Разговор, однако, пошел именно о девочках и постепенно съехал на две женитьбы, которые последнюю неделю будоражили весь свет. В обоих случаях женихи были значительно старше невест – в одном случае на двадцать три года, в другом на двадцать шесть. Всего-то делов, господи помилуй! Но в обоих случаях весь свет считал, что пожилые самцы возжелали молоденьких самочек – но это, увы, естественно, хотя и не всегда похвально. А вот свежие и упругие самочки, по мнению света, за деньги отдались на поругание дряблым морщинистым самцам – и это ужасно, и аморально, и вообще куда катимся.
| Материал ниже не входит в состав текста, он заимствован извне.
lemma hahn_banach_norming_functional:
  fixes x0 :: "'a::real_normed_vector"
  obtains h :: "'a \<Rightarrow> real" where "linear h" "\<And>x. \<bar>h x\<bar> \<le> norm x" "h x0 = norm x0"
proof -
  define G0 where "G0 = {(t *\<^sub>R x0, t * norm x0) | t. True}"
  have "dominated_linear_graph G0" unfolding G0_def by (rule dominated_linear_graph_line)
  moreover have "(0, 0) \<in> G0" unfolding G0_def by (force intro: exI[of _ 0])
  ultimately obtain M where M: "dominated_linear_graph M" and G0M: "G0 \<subseteq> M"
    and total: "\<And>x. x \<in> fst ` M"
    using total_dominated_linear_graph_exists by blast
  define h where "h x = (THE a. (x, a) \<in> M)" for x
  have h_eq: "h x = a" if "(x, a) \<in> M" for x a
    unfolding h_def using that dominated_linear_graph_unique[OF M] by blast
  have hM: "(x, h x) \<in> M" for x
    using total[of x] h_eq by force
  show ?thesis
  proof
    show "linear h"
    proof (rule linearI)
      show "h (x + y) = h x + h y" for x y
        by (rule h_eq[OF dominated_linear_graph_add[OF M hM hM]])
      show "h (c *\<^sub>R x) = c *\<^sub>R h x" for c x
        using h_eq[OF dominated_linear_graph_scaleR[OF M hM]] by simp
    qed
    show "\<bar>h x\<bar> \<le> norm x" for x
      using dominated_linear_graph_le_norm[OF M hM[of x]]
        dominated_linear_graph_le_norm[OF M dominated_linear_graph_scaleR[OF M hM[of x], of "-1"]]
      by simp
    have "(1 *\<^sub>R x0, 1 * norm x0) \<in> G0" unfolding G0_def by blast
    then show "h x0 = norm x0" using G0M h_eq by auto
  qed
qed

lemma cscale_zero_right [simp]: "cscale c (0 :: 'a::cbanach_algebra) = 0"
  using norm_cscale[of c "0 :: 'a"] by simp

lemma cscale_scaleR: "cscale c (r *\<^sub>R x) = r *\<^sub>R cscale c (x :: 'a::cbanach_algebra)"
  by (metis cscale_cscale cscale_of_real mult.commute)

lemma cscale_i_i: "cscale \<i> (cscale \<i> x) = - (x :: 'a::cbanach_algebra)"
  using cscale_of_real[of "-1" x] by (simp add: cscale_cscale)

lemma cscale_eq_Re_Im: "cscale c x = Re c *\<^sub>R x + Im c *\<^sub>R cscale \<i> (x :: 'a::cbanach_algebra)"
proof -
  have "cscale c x = cscale (complex_of_real (Re c) + \<i> * complex_of_real (Im c)) x"
    using complex_eq[of c] by simp
  then show ?thesis by (simp add: cscale_add_left cscale_cscale[symmetric] cscale_of_real cscale_scaleR)
qed
(* Let $3\le p<n$, let $c\in\mathbb{R}^A$, let $s\in V\setminus\{n\}$, $t\in V\setminus\{0\}$ with $s\neq t$, and let $R\subseteq V\setminus\{s,t,0,n\}$ with $|R|\ge 2$. Suppose that one of the conditions (i)–(iv) below holds, and that $c_{ij}=\beta$ for all arcs $(i,j)$ of some unbalanced 1-tree $H$ on $R$. Then $c_{ij}=\beta$ for all $(i,j)\in A(R)$, and there are $\sigma,\tau$ with $c_{si}=\sigma$ and $c_{it}=\tau$ for all $i\in R$. Conditions: (i) $|R|\ge 5$ and $c_{ik}+c_{kj}=c_{il}+c_{lj}$ for all distinct $i\in R\cup\{s\}$, $j\in R\cup\{t\}$, $k,l\in R$; (ii) $|R|\ge p\ge 4$ and $c(P)$ is constant over all simple directed $(s,t)$-paths with $p$ arcs whose internal nodes lie in $R$; (iii) $|R|=p-1$, $c(P)$ is constant over all simple directed $(s,t)$-paths with $p$ arcs whose internal nodes are exactly the nodes of $R$, and for some $2\le r<p$, $c(P)$ is constant over all simple directed $(s,t)$-paths with $r$ arcs whose $r-1$ internal nodes lie in $R$; (iv) $p=3$, $|R|\ge3$, $c(P)$ is constant over all simple directed $(s,t)$-paths with 3 arcs whose internal nodes lie in $R$, and $c(P)$ is constant over all simple directed $(s,t)$-paths with 2 arcs whose inner node lies in $R$.
   Context: Let $n$ be a positive integer, $V=\{0,1,\dots,n\}$, and let $D=(V,A)$ be the digraph whose arc set $A$ consists of all ordered pairs $(i,j)$ with $i\neq j$, $i,j\in V$, except that no arc enters node $0$, no arc leaves node $n$, and the arc $(0,n)$ is absent. $c(P)=\sum_{(i,j)\in P}c_{ij}$; $A(R)$ is the set of arcs of $A$ with both endnodes in $R$. A balanced cycle is a simple cycle of the underlying undirected graph (arcs traversed in either direction) that contains the same number of forward and backward arcs. An unbalanced 1-tree on $R$ is a set of arcs of $A(R)$ consisting of a spanning tree $T$ of $R$ (ignoring orientations) plus one further arc $(k,l)$ whose fundamental cycle with respect to $T$ is not balanced. *)

theory Defs
  imports Complex_Main
begin

definition arcs :: "nat \<Rightarrow> (nat \<times> nat) set" where
  "arcs n = {(i,j). i \<le> n \<and> j \<le> n \<and> i \<noteq> j \<and> j \<noteq> 0 \<and> i \<noteq> n \<and> (i,j) \<noteq> (0,n)}"

definition arcs_in :: "nat \<Rightarrow> nat set \<Rightarrow> (nat \<times> nat) set" where
  "arcs_in n R = {(i,j) \<in> arcs n. i \<in> R \<and> j \<in> R}"

definition steps :: "'a list \<Rightarrow> ('a \<times> 'a) list" where
  "steps xs = zip xs (tl xs)"

definition spanning_tree :: "nat \<Rightarrow> nat set \<Rightarrow> (nat \<times> nat) set \<Rightarrow> bool" where
  "spanning_tree n R T \<longleftrightarrow> T \<subseteq> arcs_in n R \<and> finite R \<and> card T + 1 = card R \<and>
     (\<forall>u\<in>R. \<forall>v\<in>R. (u,v) \<in> (T \<union> T\<inverse>)\<^sup>*)"

definition tree_path :: "(nat \<times> nat) set \<Rightarrow> nat \<Rightarrow> nat \<Rightarrow> nat list \<Rightarrow> bool" where
  "tree_path T k l xs \<longleftrightarrow> xs \<noteq> [] \<and> hd xs = k \<and> last xs = l \<and> distinct xs \<and>
     (\<forall>e\<in>set (steps xs). e \<in> T \<union> T\<inverse>)"

text \<open>Unbalanced 1-tree on R: spanning tree T plus an arc (k,l) of A(R) whose fundamental
  cycle (tree path k..l followed by arc (k,l) traversed from l back to k, i.e. backward)
  has different numbers of forward and backward arcs.\<close>
definition unbalanced_1tree :: "nat \<Rightarrow> nat set \<Rightarrow> (nat \<times> nat) set \<Rightarrow> bool" where
  "unbalanced_1tree n R H \<longleftrightarrow> (\<exists>T k l xs. spanning_tree n R T \<and> (k,l) \<in> arcs_in n R \<and>
     (k,l) \<notin> T \<and> H = insert (k,l) T \<and> tree_path T k l xs \<and>
     length (filter (\<lambda>e. e \<in> T) (steps xs)) \<noteq>
       length (filter (\<lambda>(a,b). (b,a) \<in> T) (steps xs)) + 1)"
(* Let $n\ge 1$, $k\ge1$, and $k=k_1+k_2$ with $k_1,k_2\ge 0$. Let $E$ be the set of all triples $(u,w,c)$ with $u\neq w$ in $[n]$ and $c\in[k]$, and let $\mathcal I$ be either (i) the set of all $(k_1,k_2)$-decreasing $k$-colored rooted forests on $[n]$, or (ii) the set of all $(k_1,k_2)$-non-increasing $k$-colored rooted forests on $[n]$. Then $(E,\mathcal I)$ is an $(n-1)$-covering system whose bases are the $k$-colored rooted trees in $\mathcal I$, and the map $\texttt{a}$ defined on each such tree $T$ by $$\texttt{a}(T)=\{(n,i,1)\in T:\ i\in[n]\}$$ (the set of edges of $T$ whose parent is $n$ and whose color is $1$) is an activity of $(E,\mathcal I)$.
   Context: For finite sets $X\subseteq Y$, write $[X,Y]=\{Z: X\subseteq Z\subseteq Y\}$. An $r$-covering system is a pair $(E,\mathcal I)$ where $E$ is a finite set and $\mathcal I$ is a collection of subsets of $E$, each of cardinality at most $r$, such that for every $I\in\mathcal I$ there exists $B\in\mathcal I$ with $|B|=r$ and $[I,B]\subseteq\mathcal I$; members of cardinality $r$ are bases. An activity is a function $\texttt{a}$ on the set $\mathcal B$ of bases with $\texttt{a}(B)\subseteq B$, $[B\setminus\texttt{a}(B),B]\subseteq\mathcal I$ for all $B$, and such that every $I\in\mathcal I$ lies in $[B\setminus\texttt{a}(B),B]$ for exactly one $B\in\mathcal B$. A $k$-colored rooted forest on $[n]$ is a set $F$ of triples $(u,w,c)$ ($u\ne w\in[n]$, $c\in[k]$; read as an edge from parent $u$ to child $w$ with color $c$) such that every vertex is the child in at most one triple and the underlying graph has no cycle; vertices that are not children are the roots (one per component). It is a tree if it has $n-1$ edges. For a vertex $v$ having at least one child, let $c_v$ be the minimum color of the edges from $v$ to its children. Given $k=k_1+k_2$, the forest is $(k_1,k_2)$-decreasing if for every vertex $v$ having a child and with $c_v\le k_1$, every child $w$ of $v$ joined to $v$ by an edge of color $c_v$ satisfies $w<v$. It is $(k_1,k_2)$-non-increasing if for every vertex $v$ having a child and with $c_v\le k_1$, at least one child $w$ of $v$ joined to $v$ by an edge of color $c_v$ satisfies $w<v$. (Colors in $[k_1+1,k]$ are "free": they are never checked.) *)

theory Defs
  imports Main
begin
(* Let $\mathcal{F}$ be a linear $3$-uniform family with $\Delta(\mathcal{F})=d$ and $\nu(\mathcal{F})=\nu$. Then $|\mathcal{F}|\leq \max\{2d\nu,10\nu\}$.
   Context: A family $\mathcal{F}$ is a finite collection of distinct subsets of a vertex set. It is $3$-uniform if every member has exactly $3$ elements, and linear if $|A\cap B|\leq 1$ for all distinct $A,B\in\mathcal{F}$. A matching is a collection of pairwise disjoint members; $\nu(\mathcal{F})$ is the maximum size of a matching. For a vertex $x$, $\mathcal{F}_x=\{A\in\mathcal{F}:x\in A\}$ and $\Delta(\mathcal{F})=\max_x|\mathcal{F}_x|$. *)

theory Defs
  imports Main
begin

definition uniform3 :: "'a set set \<Rightarrow> bool" where
  "uniform3 F \<longleftrightarrow> (\<forall>A\<in>F. card A = 3)"

definition linear_family :: "'a set set \<Rightarrow> bool" where
  "linear_family F \<longleftrightarrow> (\<forall>A\<in>F. \<forall>B\<in>F. A \<noteq> B \<longrightarrow> card (A \<inter> B) \<le> 1)"

definition is_matching :: "'a set set \<Rightarrow> 'a set set \<Rightarrow> bool" where
  "is_matching F M \<longleftrightarrow> M \<subseteq> F \<and> (\<forall>A\<in>M. \<forall>B\<in>M. A \<noteq> B \<longrightarrow> A \<inter> B = {})"

text \<open>Matching number: maximum size of a matching (F is finite, so this is a max).\<close>
definition matching_number :: "'a set set \<Rightarrow> nat" where
  "matching_number F = Max {card M | M. is_matching F M}"

definition star :: "'a set set \<Rightarrow> 'a \<Rightarrow> 'a set set" where
  "star F x = {A \<in> F. x \<in> A}"
lemma trace_square_hermitian:
  assumes K: "is_hermitian n K"
  shows "trace_n n (K * K) = of_real (\<Sum>i<n. \<Sum>k<n. (cmod (K $$ (i,k)))\<^sup>2)"
proof -
  have Kc: "K \<in> carrier_mat n n" using K unfolding is_hermitian_def by simp
  have "trace_n n (K * K) = (\<Sum>i<n. \<Sum>k<n. of_real ((cmod (K $$ (i,k)))\<^sup>2))"
    unfolding trace_n_mult[OF Kc Kc]
  proof (intro sum.cong refl)
    fix i k assume "i \<in> {..<n}" "k \<in> {..<n}"
    hence "K $$ (k,i) = cnj (K $$ (i,k))" using is_hermitianD[OF K, of k i] by simp
    thus "K $$ (i,k) * K $$ (k,i) = of_real ((cmod (K $$ (i,k)))\<^sup>2)"
      using complex_norm_square[of "K $$ (i,k)"] by simp
  qed
  thus ?thesis by (simp only: of_real_sum)
qed

text \<open>A matrix whose only eigenvalue is 0 has \<open>tr(K\<^sup>2) = 0\<close>: by the Schur decomposition it is
  similar to a strictly upper triangular matrix.\<close>
lemma trace_square_zero_spectrum:
  assumes Kc: "K \<in> carrier_mat n n" and ev0: "\<And>e. eigenvalue K e \<Longrightarrow> e = 0"
  shows "trace_n n (K * K) = 0"
proof -
  obtain es where cp: "char_poly K = (\<Prod>a \<leftarrow> es. [:- a, 1:])" and les: "length es = n"
    using char_poly_factorized[OF Kc] by blast
  have es0: "x = 0" if "x \<in> set es" for x
  proof -
    have "poly (char_poly K) x = 0" unfolding cp poly_prod_list
      using that by (auto simp: prod_list_zero_iff)
    thus ?thesis using ev0 eigenvalue_root_char_poly[OF Kc] by blast
  qed
  obtain B P Q where sd: "schur_decomposition K es = (B,P,Q)" by (metis prod_cases3)
  from schur_decomposition[OF Kc cp sd]
  have sim: "similar_mat_wit K B P Q" and ut: "upper_triangular B" and dg: "diag_mat B = es"
    by auto
  have dK: "dim_row K = n" using Kc by simp
  from sim have Bc: "B \<in> carrier_mat n n" and Pc: "P \<in> carrier_mat n n"
    and Qc: "Q \<in> carrier_mat n n" and QP: "Q * P = 1\<^sub>m n" and KPBQ: "K = P * B * Q"
    unfolding similar_mat_wit_def Let_def dK by auto
  have Bdiag: "B $$ (i,i) = 0" if "i < n" for i
  proof -
    have "B $$ (i,i) = diag_mat B ! i" unfolding diag_mat_def using Bc that by simp
    also have "\<dots> \<in> set es" unfolding dg using les that by simp
    finally show ?thesis using es0 by blast
  qed
  have trB: "trace_n n (B * B) = 0"
    unfolding trace_n_mult[OF Bc Bc]
  proof (intro sum.neutral ballI)
    fix i k assume "i \<in> {..<n}" "k \<in> {..<n}"
    thus "B $$ (i,k) * B $$ (k,i) = 0"
      using ut Bc Bdiag by (cases "k < i"; cases "i < k") (auto simp: upper_triangular_def)
  qed
  have QPX: "Q * (P * X) = X" if "X \<in> carrier_mat n n" for X
    using that Qc Pc QP by (metis assoc_mult_mat left_mult_one_mat)
  have "K * K = P * (B * (B * Q))"
    unfolding KPBQ using Bc Pc Qc by (simp add: assoc_mult_mat[of _ n n _ n _ n] QPX)
  hence "trace_n n (K * K) = trace_n n (P * (B * (B * Q)))" by simp
  also have "\<dots> = trace_n n ((B * (B * Q)) * P)" using Pc Bc Qc by (intro trace_n_comm) auto
  also have "\<dots> = trace_n n (B * B)"
    using Pc Bc Qc QP by (simp add: assoc_mult_mat[of _ n n _ n _ n])
  finally show ?thesis using trB by simp
qed

lemma hermitian_nonzero_eigenvalue:
  assumes K: "is_hermitian n K" and nz: "a < n" "b < n" "K $$ (a,b) \<noteq> 0"
  shows "\<exists>e v. eigenvector K v e \<and> e \<noteq> 0"
proof (rule ccontr)
  assume "\<not> ?thesis"
  hence "\<And>e. eigenvalue K e \<Longrightarrow> e = 0" unfolding eigenvalue_def by blast
  with K have "trace_n n (K * K) = 0"
    by (intro trace_square_zero_spectrum) (auto simp: is_hermitian_def)
  hence "(\<Sum>i<n. \<Sum>k<n. (cmod (K $$ (i,k)))\<^sup>2) = 0"
    unfolding trace_square_hermitian[OF K] by (simp only: of_real_eq_0_iff)
  hence "(\<Sum>k<n. (cmod (K $$ (a,k)))\<^sup>2) = 0" using nz(1)
    by (subst (asm) sum_nonneg_eq_0_iff) (auto intro!: sum_nonneg)
  hence "(cmod (K $$ (a,b)))\<^sup>2 = 0" using nz(2)
    by (subst (asm) sum_nonneg_eq_0_iff) auto
  thus False using nz(3) by simp
qed

definition cinner :: "nat \<Rightarrow> (nat \<Rightarrow> complex) \<Rightarrow> (nat \<Rightarrow> complex) \<Rightarrow> complex" where
  "cinner n u v = (\<Sum>a<n. cnj (u a) * v a)"

definition matvec :: "nat \<Rightarrow> complex mat \<Rightarrow> (nat \<Rightarrow> complex) \<Rightarrow> nat \<Rightarrow> complex" where
  "matvec n H u a = (\<Sum>b<n. H $$ (a,b) * u b)"

definition is_eigvec :: "nat \<Rightarrow> complex mat \<Rightarrow> real \<Rightarrow> (nat \<Rightarrow> complex) \<Rightarrow> bool" where
  "is_eigvec n H l u \<longleftrightarrow> (\<forall>a<n. matvec n H u a = of_real l * u a)"

definition eigensystem :: "nat \<Rightarrow> complex mat \<Rightarrow> (real \<times> (nat \<Rightarrow> complex)) list \<Rightarrow> bool" where
  "eigensystem n H L \<longleftrightarrow> (\<forall>q<length L. is_eigvec n H (fst (L!q)) (snd (L!q))) \<and>
     (\<forall>q<length L. \<forall>r<length L. cinner n (snd (L!q)) (snd (L!r)) = (if q = r then 1 else 0))"

definition residual :: "nat \<Rightarrow> complex mat \<Rightarrow> (real \<times> (nat \<Rightarrow> complex)) list \<Rightarrow> complex mat" where
  "residual n H L = mat n n (\<lambda>(a,b). H $$ (a,b) -
     (\<Sum>q<length L. of_real (fst (L!q)) * snd (L!q) a * cnj (snd (L!q) b)))"

lemma cinner_cong:
  "(\<And>a. a < n \<Longrightarrow> f a = g a) \<Longrightarrow> (\<And>a. a < n \<Longrightarrow> h a = k a) \<Longrightarrow> cinner n f h = cinner n g k"
  unfolding cinner_def by (intro sum.cong) auto

lemma cinner_scale_r: "cinner n u (\<lambda>a. c * w a) = c * cinner n u w"
  unfolding cinner_def by (simp add: sum_distrib_left mult.left_commute)

lemma cinner_scale_l: "cinner n (\<lambda>a. c * u a) w = cnj c * cinner n u w"
  unfolding cinner_def by (simp add: sum_distrib_left mult.assoc)

lemma cinner_cnj: "cnj (cinner n u w) = cinner n w u"
  unfolding cinner_def by (simp add: mult.commute)

lemma cinner_self: "cinner n u u = of_real (\<Sum>a<n. (cmod (u a))\<^sup>2)"
  unfolding cinner_def of_real_sum
  by (intro sum.cong refl) (metis complex_norm_square mult.commute of_real_power)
Хотя, к слову сказать, самому старому из этих дряхлых самцов было всего-то под пятьдесят – то есть меньше, чем любому из нас.
– Печально, – сказал финансист. – Печально, что люди не верят в любовь. В простую, обыкновенную и тем самым невероятно прекрасную любовь. В любовь просто так, ни за что. Не за красоту, не за обаяние таланта или власти и уж тем более не за деньги. Однако такая любовь существует, простодушная, искренняя, бережная, чистая. Да-с, чистая!.. Вам, господа, наверное, странно слышать такое из моих уст – хотя я отнюдь не живоглот какой-нибудь, а обыкновенный предприниматель, которому всего лишь повезло, в том числе и молитвами нашего высокоуважаемого Георгия Ивановича… – Он налил водки, приподнял рюмку и поклонился своему новому другу: – За ваше здоровье, мой драгоценный!
Мы чокнулись, выпили, закусили оставшимися на столе салатами – финансист не велел официанту их убирать, хотя тот и порывался.
– Красиво сказано, – вздохнул Георгий Иванович.
– Главное не красота слов, а заключенная в них правда, – возразил финансист и, поглядев на меня, усмехнулся: – Ждешь доказательств? Хочешь спросить, где это встречается такая чистая и наивная любовь?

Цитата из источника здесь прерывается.